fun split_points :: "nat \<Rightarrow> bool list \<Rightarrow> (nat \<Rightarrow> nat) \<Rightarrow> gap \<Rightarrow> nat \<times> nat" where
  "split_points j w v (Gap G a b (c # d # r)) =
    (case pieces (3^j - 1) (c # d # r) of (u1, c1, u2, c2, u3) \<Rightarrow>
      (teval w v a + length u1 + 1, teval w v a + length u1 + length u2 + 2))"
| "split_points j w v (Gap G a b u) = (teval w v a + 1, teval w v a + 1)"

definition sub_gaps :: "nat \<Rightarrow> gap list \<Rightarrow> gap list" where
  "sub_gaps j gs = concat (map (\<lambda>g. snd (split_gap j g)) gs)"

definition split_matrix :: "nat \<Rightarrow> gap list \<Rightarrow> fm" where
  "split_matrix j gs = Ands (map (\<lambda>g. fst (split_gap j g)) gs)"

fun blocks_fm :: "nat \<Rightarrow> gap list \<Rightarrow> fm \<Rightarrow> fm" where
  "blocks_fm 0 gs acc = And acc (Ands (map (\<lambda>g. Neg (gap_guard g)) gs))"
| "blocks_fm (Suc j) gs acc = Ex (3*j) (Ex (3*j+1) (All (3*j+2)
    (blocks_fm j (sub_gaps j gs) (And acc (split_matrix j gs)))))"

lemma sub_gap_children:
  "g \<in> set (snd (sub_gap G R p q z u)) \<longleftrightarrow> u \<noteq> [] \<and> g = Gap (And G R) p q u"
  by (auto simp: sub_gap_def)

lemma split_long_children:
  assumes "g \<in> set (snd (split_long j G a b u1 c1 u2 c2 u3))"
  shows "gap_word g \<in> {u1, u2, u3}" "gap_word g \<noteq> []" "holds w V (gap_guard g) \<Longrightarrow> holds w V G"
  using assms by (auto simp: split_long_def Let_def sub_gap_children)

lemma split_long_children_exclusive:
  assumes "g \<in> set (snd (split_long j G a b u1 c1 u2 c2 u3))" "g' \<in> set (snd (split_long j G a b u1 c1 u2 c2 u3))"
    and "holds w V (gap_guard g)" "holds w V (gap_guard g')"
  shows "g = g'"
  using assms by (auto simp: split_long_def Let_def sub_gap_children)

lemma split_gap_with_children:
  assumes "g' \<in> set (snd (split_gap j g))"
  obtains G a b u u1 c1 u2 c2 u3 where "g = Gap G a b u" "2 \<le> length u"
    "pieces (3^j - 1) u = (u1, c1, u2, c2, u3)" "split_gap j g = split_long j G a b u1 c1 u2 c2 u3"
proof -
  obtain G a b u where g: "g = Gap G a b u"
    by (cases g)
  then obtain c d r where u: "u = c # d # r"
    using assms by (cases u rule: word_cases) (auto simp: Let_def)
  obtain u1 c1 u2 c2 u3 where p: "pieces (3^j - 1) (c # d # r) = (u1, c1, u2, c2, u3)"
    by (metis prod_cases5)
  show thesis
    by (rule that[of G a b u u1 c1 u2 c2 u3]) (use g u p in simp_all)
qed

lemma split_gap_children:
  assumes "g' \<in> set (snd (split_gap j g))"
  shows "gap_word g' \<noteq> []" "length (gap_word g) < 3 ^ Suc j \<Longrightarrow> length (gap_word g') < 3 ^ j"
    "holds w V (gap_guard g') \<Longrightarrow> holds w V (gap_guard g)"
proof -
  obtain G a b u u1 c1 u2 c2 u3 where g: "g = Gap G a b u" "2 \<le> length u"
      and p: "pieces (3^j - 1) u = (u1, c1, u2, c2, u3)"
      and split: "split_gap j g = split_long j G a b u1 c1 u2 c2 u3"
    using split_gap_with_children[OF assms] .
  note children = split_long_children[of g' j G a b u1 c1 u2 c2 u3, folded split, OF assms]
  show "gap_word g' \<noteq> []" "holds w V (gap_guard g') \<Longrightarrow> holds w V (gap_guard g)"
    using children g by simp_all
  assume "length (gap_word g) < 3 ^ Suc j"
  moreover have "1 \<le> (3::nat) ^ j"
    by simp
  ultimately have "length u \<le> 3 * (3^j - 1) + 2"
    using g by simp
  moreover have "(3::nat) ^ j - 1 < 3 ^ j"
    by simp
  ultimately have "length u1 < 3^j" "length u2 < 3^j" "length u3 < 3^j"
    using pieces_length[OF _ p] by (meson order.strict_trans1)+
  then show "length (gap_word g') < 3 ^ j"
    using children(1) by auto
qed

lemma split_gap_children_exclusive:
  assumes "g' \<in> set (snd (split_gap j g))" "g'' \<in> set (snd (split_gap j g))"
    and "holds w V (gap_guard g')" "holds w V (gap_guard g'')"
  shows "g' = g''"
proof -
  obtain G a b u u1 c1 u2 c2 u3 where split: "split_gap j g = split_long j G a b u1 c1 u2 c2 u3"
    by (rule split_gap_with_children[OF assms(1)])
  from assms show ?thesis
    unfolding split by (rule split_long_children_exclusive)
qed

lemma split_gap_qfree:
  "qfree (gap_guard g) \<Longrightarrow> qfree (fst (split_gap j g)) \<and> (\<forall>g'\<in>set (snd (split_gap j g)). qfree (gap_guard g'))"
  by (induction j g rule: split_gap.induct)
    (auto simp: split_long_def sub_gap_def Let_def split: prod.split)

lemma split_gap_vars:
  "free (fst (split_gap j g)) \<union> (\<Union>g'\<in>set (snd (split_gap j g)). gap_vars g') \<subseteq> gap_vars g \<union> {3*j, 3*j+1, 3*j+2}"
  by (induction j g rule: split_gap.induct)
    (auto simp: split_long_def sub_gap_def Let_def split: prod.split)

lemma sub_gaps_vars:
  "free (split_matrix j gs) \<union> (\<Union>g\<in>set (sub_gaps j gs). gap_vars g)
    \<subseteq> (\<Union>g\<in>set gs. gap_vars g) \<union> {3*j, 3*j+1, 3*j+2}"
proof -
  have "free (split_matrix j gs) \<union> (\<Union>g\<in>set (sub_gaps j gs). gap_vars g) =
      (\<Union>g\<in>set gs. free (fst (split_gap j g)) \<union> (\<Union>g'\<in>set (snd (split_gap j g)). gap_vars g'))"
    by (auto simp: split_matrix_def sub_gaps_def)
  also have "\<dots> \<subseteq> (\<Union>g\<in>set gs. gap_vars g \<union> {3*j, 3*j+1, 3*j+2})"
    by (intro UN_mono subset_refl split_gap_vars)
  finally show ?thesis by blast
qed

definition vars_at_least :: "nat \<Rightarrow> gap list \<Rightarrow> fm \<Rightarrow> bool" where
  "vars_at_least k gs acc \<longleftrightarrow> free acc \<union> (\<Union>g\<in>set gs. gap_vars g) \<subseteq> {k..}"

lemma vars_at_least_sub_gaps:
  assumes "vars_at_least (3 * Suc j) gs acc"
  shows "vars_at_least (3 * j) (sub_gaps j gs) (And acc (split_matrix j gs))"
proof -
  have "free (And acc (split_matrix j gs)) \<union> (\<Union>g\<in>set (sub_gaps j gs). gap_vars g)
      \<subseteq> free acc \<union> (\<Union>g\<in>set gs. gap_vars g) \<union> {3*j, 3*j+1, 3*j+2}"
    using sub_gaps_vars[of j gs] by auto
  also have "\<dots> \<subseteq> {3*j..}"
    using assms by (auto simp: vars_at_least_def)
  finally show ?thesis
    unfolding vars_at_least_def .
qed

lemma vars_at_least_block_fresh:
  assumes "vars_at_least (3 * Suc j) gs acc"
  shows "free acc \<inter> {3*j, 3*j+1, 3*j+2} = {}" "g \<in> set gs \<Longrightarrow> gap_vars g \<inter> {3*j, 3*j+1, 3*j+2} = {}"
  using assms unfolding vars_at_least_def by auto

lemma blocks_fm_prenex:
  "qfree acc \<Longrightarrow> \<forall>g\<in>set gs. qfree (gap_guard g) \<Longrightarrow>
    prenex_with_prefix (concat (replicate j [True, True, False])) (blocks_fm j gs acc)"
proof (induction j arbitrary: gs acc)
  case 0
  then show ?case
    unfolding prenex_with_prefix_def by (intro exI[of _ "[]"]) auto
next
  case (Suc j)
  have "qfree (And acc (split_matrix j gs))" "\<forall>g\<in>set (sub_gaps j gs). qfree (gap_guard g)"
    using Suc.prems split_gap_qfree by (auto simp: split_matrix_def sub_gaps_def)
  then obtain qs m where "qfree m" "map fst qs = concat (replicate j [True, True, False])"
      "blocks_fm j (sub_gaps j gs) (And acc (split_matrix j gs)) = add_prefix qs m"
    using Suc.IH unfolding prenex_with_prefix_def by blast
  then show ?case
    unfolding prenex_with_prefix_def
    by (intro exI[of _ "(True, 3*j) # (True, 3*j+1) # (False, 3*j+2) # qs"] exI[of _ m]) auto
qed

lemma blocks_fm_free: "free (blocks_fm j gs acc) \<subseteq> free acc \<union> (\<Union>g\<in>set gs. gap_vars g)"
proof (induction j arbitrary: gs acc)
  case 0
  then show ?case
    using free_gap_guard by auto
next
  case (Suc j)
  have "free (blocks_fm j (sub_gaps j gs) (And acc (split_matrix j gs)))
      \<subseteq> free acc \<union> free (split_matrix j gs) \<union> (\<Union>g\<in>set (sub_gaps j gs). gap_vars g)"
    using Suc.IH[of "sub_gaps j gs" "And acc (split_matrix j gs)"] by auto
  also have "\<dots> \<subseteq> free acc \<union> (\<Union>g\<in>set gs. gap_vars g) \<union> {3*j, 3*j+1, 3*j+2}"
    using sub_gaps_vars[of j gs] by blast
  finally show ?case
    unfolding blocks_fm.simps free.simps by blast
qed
* * *
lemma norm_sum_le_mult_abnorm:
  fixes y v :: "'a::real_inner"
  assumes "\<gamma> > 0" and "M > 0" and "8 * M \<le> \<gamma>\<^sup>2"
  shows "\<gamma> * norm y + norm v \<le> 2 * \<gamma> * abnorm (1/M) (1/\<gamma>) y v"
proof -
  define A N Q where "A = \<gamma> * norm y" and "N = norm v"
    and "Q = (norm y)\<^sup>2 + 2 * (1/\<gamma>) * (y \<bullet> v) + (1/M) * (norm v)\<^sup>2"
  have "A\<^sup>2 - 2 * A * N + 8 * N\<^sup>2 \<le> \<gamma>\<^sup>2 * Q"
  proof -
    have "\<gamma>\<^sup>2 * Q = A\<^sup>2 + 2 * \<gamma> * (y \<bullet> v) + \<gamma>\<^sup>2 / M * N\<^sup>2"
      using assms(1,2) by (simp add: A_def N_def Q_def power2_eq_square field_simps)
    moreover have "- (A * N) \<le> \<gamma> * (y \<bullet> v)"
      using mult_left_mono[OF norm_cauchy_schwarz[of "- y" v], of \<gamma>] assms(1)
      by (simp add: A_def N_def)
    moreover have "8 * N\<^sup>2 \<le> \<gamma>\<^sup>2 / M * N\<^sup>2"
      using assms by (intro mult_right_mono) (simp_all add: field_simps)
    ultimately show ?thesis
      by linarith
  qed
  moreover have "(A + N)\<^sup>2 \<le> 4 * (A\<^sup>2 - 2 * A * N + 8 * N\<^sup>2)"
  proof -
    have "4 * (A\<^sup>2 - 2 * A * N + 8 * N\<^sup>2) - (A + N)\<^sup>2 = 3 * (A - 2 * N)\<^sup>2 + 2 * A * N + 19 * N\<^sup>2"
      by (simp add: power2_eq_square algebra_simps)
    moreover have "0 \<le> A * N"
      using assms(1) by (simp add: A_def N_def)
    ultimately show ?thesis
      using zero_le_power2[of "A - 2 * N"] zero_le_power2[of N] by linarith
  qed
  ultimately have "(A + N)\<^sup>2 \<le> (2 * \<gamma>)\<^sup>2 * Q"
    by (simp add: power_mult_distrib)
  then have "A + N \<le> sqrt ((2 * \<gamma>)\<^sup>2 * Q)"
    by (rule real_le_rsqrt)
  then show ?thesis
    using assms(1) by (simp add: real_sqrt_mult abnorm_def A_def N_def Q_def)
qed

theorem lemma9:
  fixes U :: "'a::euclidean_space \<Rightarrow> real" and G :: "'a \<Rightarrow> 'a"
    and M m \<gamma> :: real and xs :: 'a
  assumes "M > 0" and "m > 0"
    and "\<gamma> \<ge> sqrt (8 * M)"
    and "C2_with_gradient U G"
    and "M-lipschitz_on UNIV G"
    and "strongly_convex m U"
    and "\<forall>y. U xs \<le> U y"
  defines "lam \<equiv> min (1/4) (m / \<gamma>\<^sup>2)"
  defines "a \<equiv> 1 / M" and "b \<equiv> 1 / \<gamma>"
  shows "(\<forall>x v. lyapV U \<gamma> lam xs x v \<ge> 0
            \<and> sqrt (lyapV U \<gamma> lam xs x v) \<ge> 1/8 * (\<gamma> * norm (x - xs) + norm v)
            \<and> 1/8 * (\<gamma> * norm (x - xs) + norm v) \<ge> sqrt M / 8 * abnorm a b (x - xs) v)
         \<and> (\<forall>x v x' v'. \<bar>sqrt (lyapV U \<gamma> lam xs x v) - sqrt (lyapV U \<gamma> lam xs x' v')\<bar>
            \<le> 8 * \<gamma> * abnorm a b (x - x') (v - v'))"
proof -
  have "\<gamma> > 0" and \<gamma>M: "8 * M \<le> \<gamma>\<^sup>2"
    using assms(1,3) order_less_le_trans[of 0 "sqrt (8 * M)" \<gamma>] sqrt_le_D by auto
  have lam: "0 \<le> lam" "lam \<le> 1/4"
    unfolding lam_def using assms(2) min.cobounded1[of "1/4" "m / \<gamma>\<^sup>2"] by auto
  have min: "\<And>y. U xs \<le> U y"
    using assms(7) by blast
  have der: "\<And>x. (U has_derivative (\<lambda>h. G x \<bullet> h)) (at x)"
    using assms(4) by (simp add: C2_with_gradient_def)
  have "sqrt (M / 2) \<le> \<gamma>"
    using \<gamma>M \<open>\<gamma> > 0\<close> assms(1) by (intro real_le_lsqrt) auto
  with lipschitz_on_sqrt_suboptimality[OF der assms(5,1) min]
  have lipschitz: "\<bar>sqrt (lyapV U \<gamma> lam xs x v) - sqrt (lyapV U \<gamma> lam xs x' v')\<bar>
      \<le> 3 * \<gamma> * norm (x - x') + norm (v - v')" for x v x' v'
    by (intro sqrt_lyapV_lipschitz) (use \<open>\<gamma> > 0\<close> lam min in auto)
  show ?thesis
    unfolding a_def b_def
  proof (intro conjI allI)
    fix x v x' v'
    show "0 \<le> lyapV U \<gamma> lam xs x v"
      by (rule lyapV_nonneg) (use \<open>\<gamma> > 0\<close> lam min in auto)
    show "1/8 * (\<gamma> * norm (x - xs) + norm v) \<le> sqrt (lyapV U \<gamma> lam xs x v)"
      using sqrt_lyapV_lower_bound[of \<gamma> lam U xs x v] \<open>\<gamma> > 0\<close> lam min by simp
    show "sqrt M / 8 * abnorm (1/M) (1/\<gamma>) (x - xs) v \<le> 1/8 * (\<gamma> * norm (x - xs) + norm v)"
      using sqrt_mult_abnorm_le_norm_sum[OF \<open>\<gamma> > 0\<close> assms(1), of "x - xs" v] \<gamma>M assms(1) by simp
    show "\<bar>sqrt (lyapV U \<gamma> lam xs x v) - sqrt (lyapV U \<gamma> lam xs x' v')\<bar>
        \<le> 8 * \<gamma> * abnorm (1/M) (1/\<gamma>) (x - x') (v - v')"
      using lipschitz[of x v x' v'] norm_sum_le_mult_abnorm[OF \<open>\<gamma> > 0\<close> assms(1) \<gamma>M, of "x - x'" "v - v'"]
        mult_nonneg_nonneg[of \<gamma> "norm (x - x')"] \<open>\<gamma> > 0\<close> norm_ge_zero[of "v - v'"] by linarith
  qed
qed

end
* * *
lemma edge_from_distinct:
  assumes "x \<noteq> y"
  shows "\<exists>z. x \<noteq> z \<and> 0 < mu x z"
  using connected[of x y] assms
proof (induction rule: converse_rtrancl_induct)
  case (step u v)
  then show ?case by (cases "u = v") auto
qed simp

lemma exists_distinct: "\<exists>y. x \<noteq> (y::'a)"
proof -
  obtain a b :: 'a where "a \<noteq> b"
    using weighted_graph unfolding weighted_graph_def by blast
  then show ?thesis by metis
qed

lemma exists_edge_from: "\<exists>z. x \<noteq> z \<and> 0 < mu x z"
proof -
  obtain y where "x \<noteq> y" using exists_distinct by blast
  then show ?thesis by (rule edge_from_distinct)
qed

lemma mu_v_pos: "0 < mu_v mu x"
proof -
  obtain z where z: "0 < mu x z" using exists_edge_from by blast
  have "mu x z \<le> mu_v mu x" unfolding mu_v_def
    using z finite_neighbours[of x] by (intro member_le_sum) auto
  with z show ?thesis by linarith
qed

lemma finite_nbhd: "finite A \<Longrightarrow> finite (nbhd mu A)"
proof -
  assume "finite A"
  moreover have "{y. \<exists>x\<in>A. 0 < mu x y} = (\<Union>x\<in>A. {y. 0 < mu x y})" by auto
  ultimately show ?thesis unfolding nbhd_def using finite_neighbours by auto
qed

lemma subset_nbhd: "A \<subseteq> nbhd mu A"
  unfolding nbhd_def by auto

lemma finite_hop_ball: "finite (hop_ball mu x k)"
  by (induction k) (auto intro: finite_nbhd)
* * *
- _Task statement_:
What lines in the listing contain "assumes"? Copy them all.

- _Response to the exercise_:
  assumes "g \<in> set (snd (split_long j G a b u1 c1 u2 c2 u3))"
  assumes "g \<in> set (snd (split_long j G a b u1 c1 u2 c2 u3))" "g' \<in> set (snd (split_long j G a b u1 c1 u2 c2 u3))"
  assumes "g' \<in> set (snd (split_gap j g))"
  assumes "g' \<in> set (snd (split_gap j g))"
  assumes "g' \<in> set (snd (split_gap j g))" "g'' \<in> set (snd (split_gap j g))"
  assumes "vars_at_least (3 * Suc j) gs acc"
  assumes "vars_at_least (3 * Suc j) gs acc"
  assumes "\<gamma> > 0" and "M > 0" and "8 * M \<le> \<gamma>\<^sup>2"
  assumes "M > 0" and "m > 0"
  assumes "x \<noteq> y"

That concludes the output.